Materials and Methods

Image Data

Although several image reference datasets of fluorescence images are available for public research purposes, such as the Yeast Protein Localization database (40, 41), the Yeast Resource Center Public Image Repository (42), the Distributed Database for BioMolecular Images (43), and the database for dynamics and localizations of endogenous fluorescence-tagged proteins in living human cells (44), none of these repositories serves our purposes. Specifically, to the best of our knowledge none of these databases has a reference annotation for the cells depicted, and none of the prepared and depicted cells are related to the scope of our ongoing project. In order to obtain representative fluorescence image datasets applicable for the present study, therefore, three datasets were created. Table 1 presents a detailed overview of them.

  • The first dataset contained 261 HeLa cells that were stained with phalloidin Alexa 568 (excitation wavelength 568 nm) to detect the F-actin cytoskeleton. For image acquisition, a Zeiss Axiovert microscope was used equipped with a 63× objective, an AxioCam, and AxioVision Capture software (Carl Zeiss MicroImaging, Jena, Germany).

  • The second dataset consisted of 817 HeLa cells that were stained with DiD (excitation wavelength 644 nm), an intermittent cell membrane marker. To capture these images, a Zeiss Axiovert microscope was used in combination with a 20× objective, an AxioCam, and AxioVision software (Carl Zeiss MicroImaging, Jena, Germany).

  • The third dataset consisted of mouse-derived L929 cells stained with fluorescein diacetate (FDA; excitation wavelength 488 nm). This dataset contained 1,333 cells. The data were acquired using an Olympus IX71 inverted microscope (Olympus Germany, Hamburg, Germany) equipped with a 20× air objective, and the images were captured and stored with the AnalySIS™ software package.

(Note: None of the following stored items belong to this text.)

lemma (in group_action) mixing_action_subproduct_orbit:
  assumes K: "subgroup K G" and fin: "finite K" and y0: "y0 \<in> E"
    and mix: "mixing_subproduct (G\<lparr>carrier := K\<rparr>) gs ps"
  shows "mixing_action_subproduct (G\<lparr>carrier := K\<rparr>) \<phi> (orbit (G\<lparr>carrier := K\<rparr>) \<phi> y0) y0 gs ps"
  unfolding mixing_action_subproduct_def
proof (intro conjI ballI)
  show "valid_subproduct (G\<lparr>carrier := K\<rparr>) gs ps"
    using mix by (simp add: mixing_subproduct_def)
  let ?O = "orbit (G\<lparr>carrier := K\<rparr>) \<phi> y0"
  have gs: "set gs \<subseteq> K"
    and uniform: "\<And>h. h \<in> K \<Longrightarrow> subprod_prob G id gs ps h = 1 / card K"
    using mix by (auto simp: mixing_subproduct_def valid_subproduct_def)
  have "card K \<noteq> 0"
    using fin subgroup.one_closed[OF K] by auto
  fix y assume y: "y \<in> ?O"
  let ?F = "{h \<in> K. \<phi> h y0 = y}"
  have "subprod_prob G (\<lambda>h. \<phi> h y0) gs ps y = (\<Sum>h\<in>?F. subprod_prob G id gs ps h)"
    using subprod_prob_fibres[OF fin subprod_mem_subgroup[OF K gs]] .
  also have "\<dots> = card (?F) / card K"
    using uniform by simp
  also have "\<dots> = 1 / card ?O"
  proof -
    have card: "card ?F * card ?O = card K"
      using card_fibre_mult_card_orbit[OF K fin y0 y] .
    then have "card ?O \<noteq> 0"
      using \<open>card K \<noteq> 0\<close> by (metis mult_0_right)
    moreover have "real (card ?F) * real (card ?O) = real (card K)"
      using card by (metis of_nat_mult)
    ultimately show ?thesis
      using \<open>card K \<noteq> 0\<close> by (simp add: field_simps)
  qed
  finally show "subprod_prob (G\<lparr>carrier := K\<rparr>) (\<lambda>h. \<phi> h y0) gs ps y = 1 / card ?O"
    by simp
qed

Table 1. Overview of the image datasets used for the experiments
 Cell type
HeLa cellsHeLa cellsL929 cells
  1. FDA, fluorescein diacetate.

StainingPhalloidin Alexa 568DiD™FDA
Magnification63 × oil immersion20 × oil immersion20 × air
1.3 NA0.8 
0.1 μm/pixel0.32 μm/pixel 
MicroscopeZeiss AxiovertZeiss AxiovertOlympus IX71 inversion
Image size1,388 × 1,040 pixels1,388 × 1,040 pixels1,376 × 1,032 pixels
Manually annotated cells2618171,333

To obtain the necessary ground-truth data for training and evaluation of the proposed adaptive segmentation scheme, cells were manually annotated by an experienced user. It was extremely important that only those cells were annotated that could clearly be distinguished and outlined by the operator and were fully visible in the field of view. To allow assessment of intraobserver and interobserver variability, 10% of all three datasets were randomly selected in order to reduce the amount of data. Each subset was then annotated a second time by a second user.

To provide optimal ground-truth segmentation data, a Wacom Cintiq 21UX™ digital drawing board (Wacom Europe, Krefeld, Germany) was used for the annotation process. This choice of input device for manual ground-truth annotation was based on a previous internal study in which the precision of interactive segmentation devices such as a Wacom board was compared with a conventional mouse and touch-screen device.

All three datasets will be made publicly available on the publication of the present study and can be obtained from the authors for comparative studies.

Methods Overview

Based on the observations by Srinivasa (4) and Wang et al. (5), several variations of watershed segmentation were used in the present study and were automatically adapted to the segmentation of fluorescence micrographs of different cell types. The first method is known as maximum-intensity linking (39) (see below); it is a graph-based variant of the watershed approach. The second method is an extension of MIL using an improved image preprocessing chain that is capable of handling the dotted structure of phalloidin Alexa 568 staining for F-actin in particular. In addition, the proposed preprocessing chain combines flexibility and a low dimensional parameter space (see the section on improved MIL below). The third and fourth algorithms investigated use different versions of an efficient preprocessing scheme that consists of a noise reduction step, mathematical morphology, and a threshold operation and is capable of separating touching or overlapping cells using the watershed transform (see below).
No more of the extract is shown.